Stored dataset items

==============================

lemma distr_lborel_perm_apply:
  assumes \<sigma>: "\<sigma> permutes (UNIV::'t::finite set)"
  shows "distr lborel borel (perm_apply \<sigma>) = (lborel :: (real^'n^'t) measure)"
proof (rule lborel_eqI[symmetric])
  fix l u :: "real^'n^'t"
  assume le: "\<And>b. b \<in> Basis \<Longrightarrow> l \<bullet> b \<le> u \<bullet> b"
  define \<tau> where "\<tau> = inv \<sigma>"
  have \<tau>: "\<tau> permutes UNIV"
    unfolding \<tau>_def using \<sigma> by (rule permutes_inv)
  have preimage: "perm_apply \<sigma> -` box l u = box (perm_apply \<tau> l) (perm_apply \<tau> u)"
  proof -
    have "(\<forall>i. x $ \<sigma> i \<in> box (l $ i) (u $ i)) \<longleftrightarrow> (\<forall>i. x $ i \<in> box (l $ \<tau> i) (u $ \<tau> i))" for x
      using \<sigma> unfolding \<tau>_def by (metis permutes_inverses)
    then show ?thesis
      by (auto simp: mem_box_vec perm_apply_def)
  qed
  have le': "perm_apply \<tau> l \<bullet> b \<le> perm_apply \<tau> u \<bullet> b" if "b \<in> Basis" for b
  proof -
    from that obtain i v where b: "b = axis i v" "v \<in> Basis"
      unfolding Basis_vec_def by auto
    then show ?thesis
      using le[of "axis (\<tau> i) v"] by (simp add: inner_axis perm_apply_def)
  qed
  have "emeasure (distr lborel borel (perm_apply \<sigma>)) (box l u)
      = emeasure lborel (box (perm_apply \<tau> l) (perm_apply \<tau> u))"
    by (simp add: emeasure_distr preimage)
  also have "\<dots> = ennreal (\<Prod>i\<in>UNIV. \<Prod>v\<in>Basis. (u $ \<tau> i - l $ \<tau> i) \<bullet> v)"
    using le' by (simp add: emeasure_lborel_box_eq prod_Basis_vec inner_axis perm_apply_def)
  also have "(\<Prod>i\<in>UNIV. \<Prod>v\<in>Basis. (u $ \<tau> i - l $ \<tau> i) \<bullet> v) = (\<Prod>i\<in>UNIV. \<Prod>v\<in>Basis. (u $ i - l $ i) \<bullet> v)"
    using prod.permute[OF \<tau>, of "\<lambda>i. \<Prod>v\<in>Basis. (u $ i - l $ i) \<bullet> v"] by (simp add: comp_def)
  also have "\<dots> = (\<Prod>b\<in>Basis. (u - l) \<bullet> b)"
    by (simp add: prod_Basis_vec inner_axis)
  finally show "emeasure (distr lborel borel (perm_apply \<sigma>)) (box l u) = (\<Prod>b\<in>Basis. (u - l) \<bullet> b)" .
qed simp
lemma card_johnson_supersets:
  assumes X: "X \<subseteq> {0..<p}" "card X \<le> j"
  shows "card {S \<in> johnson_vertices p j. X \<subseteq> S} = (p - card X) choose (j - card X)"
proof -
  have fX: "finite X" using X finite_subset by blast
  have "bij_betw (\<lambda>S. S - X) {S \<in> johnson_vertices p j. X \<subseteq> S}
          {B. B \<subseteq> {0..<p} - X \<and> card B = j - card X}"
  proof (rule bij_betw_byWitness[where f' = "\<lambda>B. B \<union> X"])
    show "(\<lambda>B. B \<union> X) ` {B. B \<subseteq> {0..<p} - X \<and> card B = j - card X}
            \<subseteq> {S \<in> johnson_vertices p j. X \<subseteq> S}"
    proof (rule image_subsetI)
      fix B assume B: "B \<in> {B. B \<subseteq> {0..<p} - X \<and> card B = j - card X}"
      then have "finite B" using finite_subset by blast
      then have "card (B \<union> X) = card B + card X" using B fX by (subst card_Un_disjoint) auto
      then show "B \<union> X \<in> {S \<in> johnson_vertices p j. X \<subseteq> S}" using B X
        by (auto simp: mem_johnson_vertices)
    qed
  qed (use fX in \<open>auto simp: mem_johnson_vertices card_Diff_subset\<close>)
  then have "card {S \<in> johnson_vertices p j. X \<subseteq> S} = card ({0..<p} - X) choose (j - card X)"
    by (simp add: bij_betw_same_card n_subsets)
  then show ?thesis using X fX by (simp add: card_Diff_subset)
qed
(* Let $u_1,\dots,u_n\in\mathbb{R}^d$ be nonzero vectors with $\langle u_i,u_j\rangle\ge0$ for all $i,j\in[n]$. Suppose there exist subsets $I,J\subseteq[n]$ such that: (i) $\mathrm{span}\{u_i:i\in I\}=\mathrm{span}\{u_j:j\in J\}=\mathrm{span}\{u_i:i\in[n]\}$; (ii) there is $i^*\in I$ with $\langle u_{i^*},u_i\rangle=0$ for all $i\in I\setminus\{i^*\}$; (iii) there is $j^*\in J$ with $\langle u_{j^*},u_j\rangle=0$ for all $j\in J\setminus\{j^*\}$; (iv) $u_{i^*}$ is not parallel to $u_{j^*}$; (v) $\langle u_{i^*},u_{j^*}\rangle\neq0$. Then for no tracial von Neumann algebra $(\mathcal{N},\tau)$ does the matrix $(\langle u_i,u_j\rangle)_{i,j\in[n]}$ admit an $\mathcal{N}^+$-factorization.
   Context: A von Neumann algebra is a unital $*$-subalgebra of the bounded operators on a Hilbert space that is closed in the weak operator topology. It is tracial if equipped with a linear functional $\tau:\mathcal{N}\to\mathbb{C}$ such that $\tau(x^*x)\ge0$ for all $x$ and $\tau(1)=1$; $\tau(x^*x)=0$ implies $x=0$; $\tau(xy)=\tau(yx)$ for all $x,y$; and the restriction of $\tau$ to the unit ball is continuous in the weak operator topology. An element $p\in\mathcal{N}$ is positive if $p=x^*x$ for some $x\in\mathcal{N}$; $\mathcal{N}^+$ is the set of positive elements. A matrix $X$ admits an $\mathcal{N}^+$-factorization if there exist $p_1,\dots,p_n\in\mathcal{N}^+$ with $X_{ij}=\tau(p_ip_j)$ for all $i,j$. *)

theory Defs
  imports "HOL-Analysis.Analysis"
begin

text \<open>Every complex Hilbert space is unitarily isomorphic to l2(K) for some index set K
(an orthonormal basis).  We therefore model a Hilbert space as l2 over an arbitrary index
type 'k, and a bounded operator as a function on 'k \<Rightarrow> complex that is linear and bounded on
l2, maps l2 into l2, and is (canonically) zero outside l2.\<close>

definition l2 :: "('k \<Rightarrow> complex) set" where
  "l2 = {v. (\<lambda>k. (cmod (v k))^2) summable_on UNIV}"

definition l2inner :: "('k \<Rightarrow> complex) \<Rightarrow> ('k \<Rightarrow> complex) \<Rightarrow> complex" where
  "l2inner v w = (\<Sum>\<^sub>\<infinity>k. cnj (v k) * w k)"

==============================

> **Directions for this task**
Within the records above, count each line holding "also". Write down only the number.

> **Exercise answer**
3